Chers Sociétaires, Chers Amis,

L’année 2016 s’est bien terminée pour notre belle association. Effectivement, notre concours ICC a été un véritable succès, tant sur le plan de l’organisation que sur le niveau des candidats, qui ont brillé par leur excellence. La réception de remise des prix qui suivit à l’Hôtel d’Évreux fut, elle aussi, très réussie. Un

grand merci à tous ceux qui nous ont permis de réaliser un si bel événement.

Quant à l’année 2017, elle n’a rien à envier à 2016. En janvier, les Cuisiniers de France étaient présents, et ce, pour la première fois, au salon du Sirha. Notre stand sur l’espace Rungis a reçu la visite de nombreux chefs et amis. L’installation d’un studio photo nous a permis de réaliser une belle série de portraits de chefs.

Le 25 février, nous avons participé au dîner de gala des Escoffier en l’hôtel d’Évreux, très belle manifestation organisée de main de maître par nos amis de Potel et Chabot.

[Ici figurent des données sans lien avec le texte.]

(* Let $a,b\in\mathbb{Z}^+$ with $a$ odd. For every $n\in\mathbb{Z}^+$, $$t(a,3a,4b;4n+6a)=2t(a,12a,b;n),\qquad t(a,3a,4b;4n+3a)=2t(3a,4a,b;n).$$ Moreover, for all complex $q$ with $|q|<1$, $$\sum_{n=0}^{\infty}t(a,3a,4b;4n)q^n=8\varphi(q^{6a})\psi(q^a)\psi(q^b),\qquad \sum_{n=0}^{\infty}t(a,3a,4b;4n+a)q^n=8\varphi(q^{2a})\psi(q^{3a})\psi(q^b).$$
   Context: $\mathbb{Z}^+$ is the set of positive integers. For $a,b,c\in\mathbb{Z}^+$ and nonnegative integer $n$, $t(a,b,c;n)$ denotes the number of triples $(x,y,z)\in\mathbb{Z}^3$ with $n=a\frac{x(x+1)}2+b\frac{y(y+1)}2+c\frac{z(z+1)}2$. Ramanujan's theta functions are $\varphi(q)=\sum_{n=-\infty}^{\infty}q^{n^2}$ and $\psi(q)=\sum_{n=0}^{\infty}q^{n(n+1)/2}$ for $|q|<1$. *)

theory Defs
  imports "HOL-Analysis.Analysis"
begin

definition tri :: "int \<Rightarrow> int" where
  "tri x = x * (x + 1) div 2"

definition tcount :: "nat \<Rightarrow> nat \<Rightarrow> nat \<Rightarrow> nat \<Rightarrow> nat" where
  "tcount a b c n = card {(x::int, y::int, z::int).
      int n = int a * tri x + int b * tri y + int c * tri z}"

definition rphi :: "complex \<Rightarrow> complex" where
  "rphi q = (\<Sum>\<^sub>\<infinity>n::int. q ^ nat (n^2))"

definition rpsi :: "complex \<Rightarrow> complex" where
  "rpsi q = (\<Sum>n. q ^ (n * (n + 1) div 2))"

end

theory Submission
  imports Defs
begin
lemma two_pow_le_if_contains_not_good:
  assumes N: "N \<in> pile_N F P" and contains: "\<And>x. x \<in> P \<Longrightarrow> \<not> good F d x \<Longrightarrow> x \<in> N"
  shows "2 ^ card N \<le> d"
proof (rule ccontr)
  assume "\<not> 2 ^ card N \<le> d"
  let ?N = "pile_N F P"
  let ?a = "\<lambda>x. real (card {C \<in> ?N. x \<in> C})"
  let ?ot = "\<lambda>x. real (outer_degree F P x)"
  define M where "M = P - N"
  define T where "T = real (card ?N) - real c + 1"
  have "card M = d - card N"
    unfolding M_def using subset_P_if_in_pile_N[OF N] finite_P card_P
    by (simp add: card_Diff_subset finite_subset)
  with six_card_le[OF N] have "5 * d \<le> 6 * card M"
    by linarith
  then have "real (5 * d) \<le> real (6 * card M)"
    by (simp only: of_nat_le_iff)
  then have m_ge: "5 * real d \<le> 6 * real (card M)"
    by simp
  have "card M \<le> card {x \<in> P. good F d x}"
    using contains finite_P unfolding M_def by (intro card_mono) auto
  then have E_ge: "real (card M) / 2 \<le> outer_weight F P"
    using card_good_le_outer_weight by linarith
  have "6 * (\<Sum>x\<in>M. card {C \<in> ?N. x \<in> C}) \<le> d * d"
    unfolding M_def using N \<open>\<not> 2 ^ card N \<le> d\<close> by (intro sum_card_containing_le) auto
  then have "real (6 * (\<Sum>x\<in>M. card {C \<in> ?N. x \<in> C})) \<le> real (d * d)"
    by (simp only: of_nat_le_iff)
  then have SA_le: "6 * (\<Sum>x\<in>M. ?a x) \<le> real d * real d"
    by simp
  have "(\<Sum>x\<in>M. T - ?a x) \<le> (\<Sum>x\<in>M. ?ot x)"
    unfolding M_def T_def using outer_degree_ge by (intro sum_mono) auto
  also have "\<dots> \<le> (\<Sum>x\<in>P. ?ot x)"
    unfolding M_def using finite_P by (intro sum_mono2) auto
  finally have "4 * (real (card M) * T - (\<Sum>x\<in>M. ?a x)) \<le> real d * outer_weight F P"
    using four_sum_outer_degree_le by (simp add: sum_subtractf)
  moreover have "outer_weight F P < T"
    unfolding T_def by (rule outer_weight_lt)
  ultimately show False
    using quadratic_bounds_contradiction[OF _ m_ge E_ge _ SA_le] fifty_le_d by simp
qed
lemma node_correct_child:
  assumes cor: "node_correct T \<rho> (Node f cs)" and b: "\<rho> f = Some b" and v: "(b, v) \<in> set cs"
  shows "node_correct T \<rho> v"
  unfolding node_correct_def
proof (intro ballI impI)
  fix p r assume p: "p \<in> set (node_paths v)" and r: "r \<in> set (rows T)" "row_agrees T \<rho> r"
    and m: "row_matches T (fst p) r"
  have "row_matches T ((f, b) # fst p) r"
    using m r(2) b unfolding row_matches_def row_agrees_def by simp
  then have "snd ((f, b) # fst p, snd p) \<in> snd r"
    using cor r in_node_paths_NodeI[OF v p] unfolding node_correct_def by fastforce
  then show "snd p \<in> snd r" by simp
qed

text \<open>The adversary answers each query so that the table stays undetermined; a correct
  deterministic tree can only stop once it is determined.\<close>

lemma det_node_long_path:
  "det_node v \<Longrightarrow> node_atts v \<subseteq> At T \<Longrightarrow> table_evades T j \<rho> \<Longrightarrow>
   node_covers T \<rho> v \<Longrightarrow> node_correct T \<rho> v \<Longrightarrow> \<exists>p\<in>set (node_paths v). j < length (fst p)"
proof (induction v arbitrary: j \<rho>)
  case (Leaf d)
  then obtain r where "r \<in> set (rows T)" "row_agrees T \<rho> r" "d \<notin> snd r"
    using table_evades_undetermined unfolding undetermined_def by blast
  with Leaf.prems(5) show ?case unfolding node_correct_def row_matches_def by simp
next
  case (Node f cs j \<rho>)
  have und: "undetermined T \<rho>" using table_evades_undetermined[OF Node.prems(3)] .
  show ?case
  proof (cases "j = 0 \<and> \<rho> f = None")
    case True
    from und obtain r where "r \<in> set (rows T)" "row_agrees T \<rho> r" unfolding undetermined_def by blast
    then obtain p where "p \<in> set (node_paths (Node f cs))"
      using Node.prems(4) unfolding node_covers_def by blast
    then show ?thesis using True by auto
  next
    case False
    have "f \<in> At T" using Node.prems(2) by simp
    then obtain b \<rho>' j' where ext: "\<rho> \<subseteq>\<^sub>m \<rho>'" "\<rho>' f = Some b" "table_evades T j' \<rho>'" "j \<le> Suc j'"
      using table_evades_query[OF Node.prems(3) _ False] by blast
    have cov: "node_covers T \<rho>' (Node f cs)" and cor: "node_correct T \<rho>' (Node f cs)"
      using node_covers_map_le node_correct_map_le ext(1) Node.prems(4,5) by blast+
    obtain v where v: "(b, v) \<in> set cs"
      using node_covers_branch[OF cov table_evades_undetermined[OF ext(3)] ext(2)] .
    have "\<exists>p\<in>set (node_paths v). j' < length (fst p)"
    proof (rule Node.IH)
      show "v \<in> Basic_BNFs.snds (b, v)" by simp
      show "det_node v" "node_atts v \<subseteq> At T" using Node.prems(1,2) v by force+
      show "node_covers T \<rho>' v" using node_covers_child[OF Node.prems(1) cov ext(2) v] .
      show "node_correct T \<rho>' v" using node_correct_child[OF cor ext(2) v] .
    qed (use v ext(3) in auto)
    then obtain p where "p \<in> set (node_paths v)" "j' < length (fst p)" by blast
    then obtain p where p: "p \<in> set (node_paths v)" "j' < length (fst p)" by blast
    have "((f, b) # fst p, snd p) \<in> set (node_paths (Node f cs))" using in_node_paths_NodeI[OF v p(1)] .
    moreover have "j < length ((f, b) # fst p)" using p(2) ext(4) by simp
    ultimately show ?thesis by (metis fst_conv)
  qed
qed

lemma det_tree_long_path:
  assumes det: "det_tree_for \<Gamma> T" and ev: "table_evades T j Map.empty"
  shows "\<exists>p\<in>set (tree_paths \<Gamma>). j < length (fst p)"
proof -
  obtain v where \<Gamma>: "\<Gamma> = [v]" and dv: "det_node v"
    using det unfolding det_tree_for_def by (cases \<Gamma>) auto
  have nd: "nondet_tree_for [v] T" using det \<Gamma> unfolding det_tree_for_def by simp
  then have cov: "node_covers T Map.empty v" and atts: "node_atts v \<subseteq> At T"
    unfolding nondet_tree_for_def node_covers_def tree_paths_def tree_atts_def
    by (auto simp: set_sub_rows)
  have "node_correct T Map.empty v"
    unfolding node_correct_def
  proof (intro ballI impI)
    fix p r assume p: "p \<in> set (node_paths v)" and r: "r \<in> set (rows T)"
      and "row_agrees T Map.empty r" and m: "row_matches T (fst p) r"
    have rs: "r \<in> set (sub_rows T (fst p))" using r m by (simp add: set_sub_rows)
    have "sub_rows T (fst p) = [] \<or> snd p \<in> Pi_rows (sub_rows T (fst p))"
      using nd p unfolding nondet_tree_for_def tree_paths_def by simp
    then show "snd p \<in> snd r" using rs unfolding Pi_rows_def by auto
  qed
  with cov atts have "\<exists>p\<in>set (node_paths v). j < length (fst p)"
    using det_node_long_path[OF dv _ ev] by blast
  then show ?thesis unfolding tree_paths_def \<Gamma> by simp
qed

section \<open>The pyramid formula as a decision table\<close>

definition tri_index :: "nat \<times> nat \<Rightarrow> nat" where
  "tri_index w = fst w * Suc (fst w) div 2 + snd w"

lemma triangle_Suc: "Suc r * Suc (Suc r) div 2 = r * Suc r div 2 + Suc r"
proof -
  have "Suc r * Suc (Suc r) = r * Suc r + 2 * Suc r" by simp
  then show ?thesis by simp
qed

lemma triangle_mono: "r \<le> r' \<Longrightarrow> r * Suc r div 2 \<le> r' * Suc r' div 2"
  by (intro div_le_mono mult_le_mono) auto

lemma tri_index_bounds:
  "pyramid_node t w \<Longrightarrow> fst w * Suc (fst w) div 2 \<le> tri_index w \<and> tri_index w < Suc (fst w) * Suc (Suc (fst w)) div 2"
  unfolding tri_index_def pyramid_node_def triangle_Suc by auto

lemma tri_index_less: "pyramid_node t w \<Longrightarrow> tri_index w < t * Suc t div 2"
  using tri_index_bounds[of t w] triangle_mono[of "Suc (fst w)" t]
  unfolding pyramid_node_def by fastforce

lemma inj_on_tri_index: "inj_on tri_index (Collect (pyramid_node t))"
proof (rule inj_onI)
  have row_le: "fst w \<le> fst w'"
    if "pyramid_node t w" "pyramid_node t w'" "tri_index w = tri_index w'" for w w'
  proof (rule ccontr)
    assume "\<not> fst w \<le> fst w'"
    then have "Suc (fst w') * Suc (Suc (fst w')) div 2 \<le> fst w * Suc (fst w) div 2"
      using triangle_mono[of "Suc (fst w')" "fst w"] by simp
    then show False using tri_index_bounds[OF that(1)] tri_index_bounds[OF that(2)] that(3) by linarith
  qed
  fix w w' assume "w \<in> Collect (pyramid_node t)" "w' \<in> Collect (pyramid_node t)" "tri_index w = tri_index w'"
  then have "fst w = fst w'" using row_le by (metis le_antisym mem_Collect_eq)
  with \<open>tri_index w = tri_index w'\<close> show "w = w'" unfolding tri_index_def by (simp add: prod_eq_iff)
qed

definition falsifies :: "((nat \<times> nat) \<times> bool) list \<Rightarrow> bool list \<Rightarrow> bool" where
  "falsifies C xs \<longleftrightarrow> (\<forall>l\<in>set C. xs ! tri_index (fst l) \<noteq> snd l)"

text \<open>Decision \<open>0\<close> names the sink clause and decision \<open>tri_index w + 1\<close> the clause of node \<open>w\<close>.\<close>

definition falsified_clauses :: "nat \<Rightarrow> bool list \<Rightarrow> nat set" where
  "falsified_clauses t xs = {d. (d = 0 \<and> falsifies sink_clause xs)
     \<or> (\<exists>w. pyramid_node t w \<and> d = Suc (tri_index w) \<and> falsifies (node_clause t w) xs)}"

lemma finite_falsified_clauses: "finite (falsified_clauses t xs)"
  by (rule finite_subset[of _ "{..t * Suc t div 2}"]) (auto simp: falsified_clauses_def dest: tri_index_less)

lemma sink_clause_node: "1 \<le> t \<Longrightarrow> l \<in> set sink_clause \<Longrightarrow> pyramid_node t (fst l)"
  unfolding sink_clause_def pyramid_node_def by auto

lemma node_clause_node: "pyramid_node t w \<Longrightarrow> l \<in> set (node_clause t w) \<Longrightarrow> pyramid_node t (fst l)"
  unfolding node_clause_def pyramid_node_def by (auto split: if_splits)

lemma length_node_clause: "length (node_clause t w) \<le> 3"
  unfolding node_clause_def by simp

lemma falsifies_node_clause_below:
  "r < t \<Longrightarrow> s \<le> r \<Longrightarrow> \<not> xs ! tri_index (r, s) \<Longrightarrow> \<exists>w. pyramid_node t w \<and> falsifies (node_clause t w) xs"
proof (induction "t - r" arbitrary: r s)
  case (Suc d r s)
  have node: "pyramid_node t (r, s)" using Suc.prems unfolding pyramid_node_def by simp
  show ?case
  proof (cases "Suc r = t \<or> xs ! tri_index (Suc r, s) \<and> xs ! tri_index (Suc r, Suc s)")
    case True
    then have "falsifies (node_clause t (r, s)) xs"
      using Suc.prems unfolding node_clause_def falsifies_def by auto
    then show ?thesis using node by blast
  next
    case False
    then show ?thesis using Suc.hyps Suc.prems by (metis Suc_diff_Suc Suc_le_mono Suc_lessI le_SucI old.nat.inject)
  qed
qed simp

lemma falsified_clauses_nonempty: "1 \<le> t \<Longrightarrow> falsified_clauses t xs \<noteq> {}"
  using falsifies_node_clause_below[of 0 t 0 xs]
  unfolding falsified_clauses_def falsifies_def sink_clause_def by auto

lemma no_clause_refuted_literal:
  assumes "no_clause_refuted t \<sigma>" "1 \<le> t"
  obtains l where "pyramid_node t (fst l)" "literal_unrefuted \<sigma> l" "d = 0 \<longrightarrow> l \<in> set sink_clause"
    "\<forall>w. pyramid_node t w \<longrightarrow> d = Suc (tri_index w) \<longrightarrow> l \<in> set (node_clause t w)"
proof (cases "\<exists>w. pyramid_node t w \<and> d = Suc (tri_index w)")
  case True
  then obtain w where w: "pyramid_node t w" "d = Suc (tri_index w)" by blast
  then obtain l where "l \<in> set (node_clause t w)" "literal_unrefuted \<sigma> l"
    using assms(1) unfolding no_clause_refuted_def by blast
  moreover have "w' = w" if "pyramid_node t w'" "d = Suc (tri_index w')" for w'
    using inj_on_tri_index[of t] w that by (auto dest: inj_onD)
  ultimately show ?thesis using that node_clause_node[OF w(1)] w by blast
next
  case False
  obtain l where "l \<in> set sink_clause" "literal_unrefuted \<sigma> l"
    using assms(1) unfolding no_clause_refuted_def by blast
  then show ?thesis using that sink_clause_node[OF assms(2)] False by blast
qed

definition pyramid_assignment :: "nat list \<Rightarrow> nat \<Rightarrow> (nat \<Rightarrow> bool option) \<Rightarrow> nat \<times> nat \<Rightarrow> bool option" where
  "pyramid_assignment qa t \<rho> w = (if pyramid_node t w then \<rho> (qa ! tri_index w) else None)"

text \<open>The attribute \<open>qa ! tri_index w\<close> carries the variable of node \<open>w\<close>; the remaining attributes
  are irrelevant to the decisions.\<close>

locale pyramid_table =
  fixes T :: tab and qa :: "nat list" and k t :: nat
  assumes attrs_T: "attrs T = qa" and distinct_qa: "distinct qa" and length_qa: "length qa = k"
    and set_rows_T: "set (rows T) = (\<lambda>xs. (xs, falsified_clauses t xs)) ` {xs. length xs = k}"
    and triangle_le: "t * Suc t div 2 \<le> k" and t_ge_1: "1 \<le> t"
begin

lemma At_T: "At T = set qa"
  unfolding At_def attrs_T ..

lemma rows_T_iff: "r \<in> set (rows T) \<longleftrightarrow> length (fst r) = k \<and> snd r = falsified_clauses t (fst r)"
  using set_rows_T by (cases r) auto

lemma rval_nth: "i < k \<Longrightarrow> length (fst r) = k \<Longrightarrow> rval T r (qa ! i) = fst r ! i"
  unfolding rval_def attrs_T using map_of_zip_nth[of qa "fst r" i] distinct_qa length_qa by simp

lemma tri_index_less_k: "pyramid_node t w \<Longrightarrow> tri_index w < k"
  using tri_index_less[of t w] triangle_le by simp

lemma node_attr_eq_iff: "pyramid_node t w \<Longrightarrow> pyramid_node t w' \<Longrightarrow> qa ! tri_index w = qa ! tri_index w' \<longleftrightarrow> w = w'"
  using nth_eq_iff_index_eq[OF distinct_qa] tri_index_less_k length_qa inj_on_tri_index[of t]
  by (metis inj_onD mem_Collect_eq)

Le 26 février, j’ai été reçu membre auditeur à l’Académie culinaire de France avec de nombreux confrères. Belle et émouvante cérémonie. Le lendemain, j’ai contribué au Trophée Passion, concours international de l’Académie culinaire de France, en qualité de membre du jury et président de l’équipe pour la France. Formidable concours de haut niveau remporté, et j’en suis fier, par le candidat représentant la France, Romain Schaller, sous-chef de notre vice-président Gérard Sallé. La remise des prix qui suivit au ministère des Affaires étrangères fut un moment de convivialité et de rencontre très appréciable, sans oublier la grande qualité des buffets.

Le 20 mars, le traditionnel déjeuner des disciples d’Antonin Carême s’est tenu à l’hôtel Peninsula de Paris. Je vous laisse le soin de vous reporter à l’article qui y est consacré dans ce numéro pour vous faire une idée de l’importance et de la qualité de cette manifestation. Un grand merci à tous ceux qui ont contribué à la réussite de cet événement, et plus particulièrement au chef Christophe Raoux, MOF 2015.

Le 5 avril, avec nos amis de l’Académie culinaire, nous avons remis la coupe d’or Marius-Dutrey au grand chef japonais Hirochika Midorikawa. Ce moment magnifique d’amitié, de respect et chargé d’émotion fut suivi d’un splendide buffet réalisé par David Réal, chef de l’hôtel Westin de Paris et ses équipes. Pour clore cet événement, nous nous sommes retrouvés dans les cuisines de notre ami et administrateur Nicolas Sale, chef de l’hôtel Ritz, pour un intime et remarquable dîner.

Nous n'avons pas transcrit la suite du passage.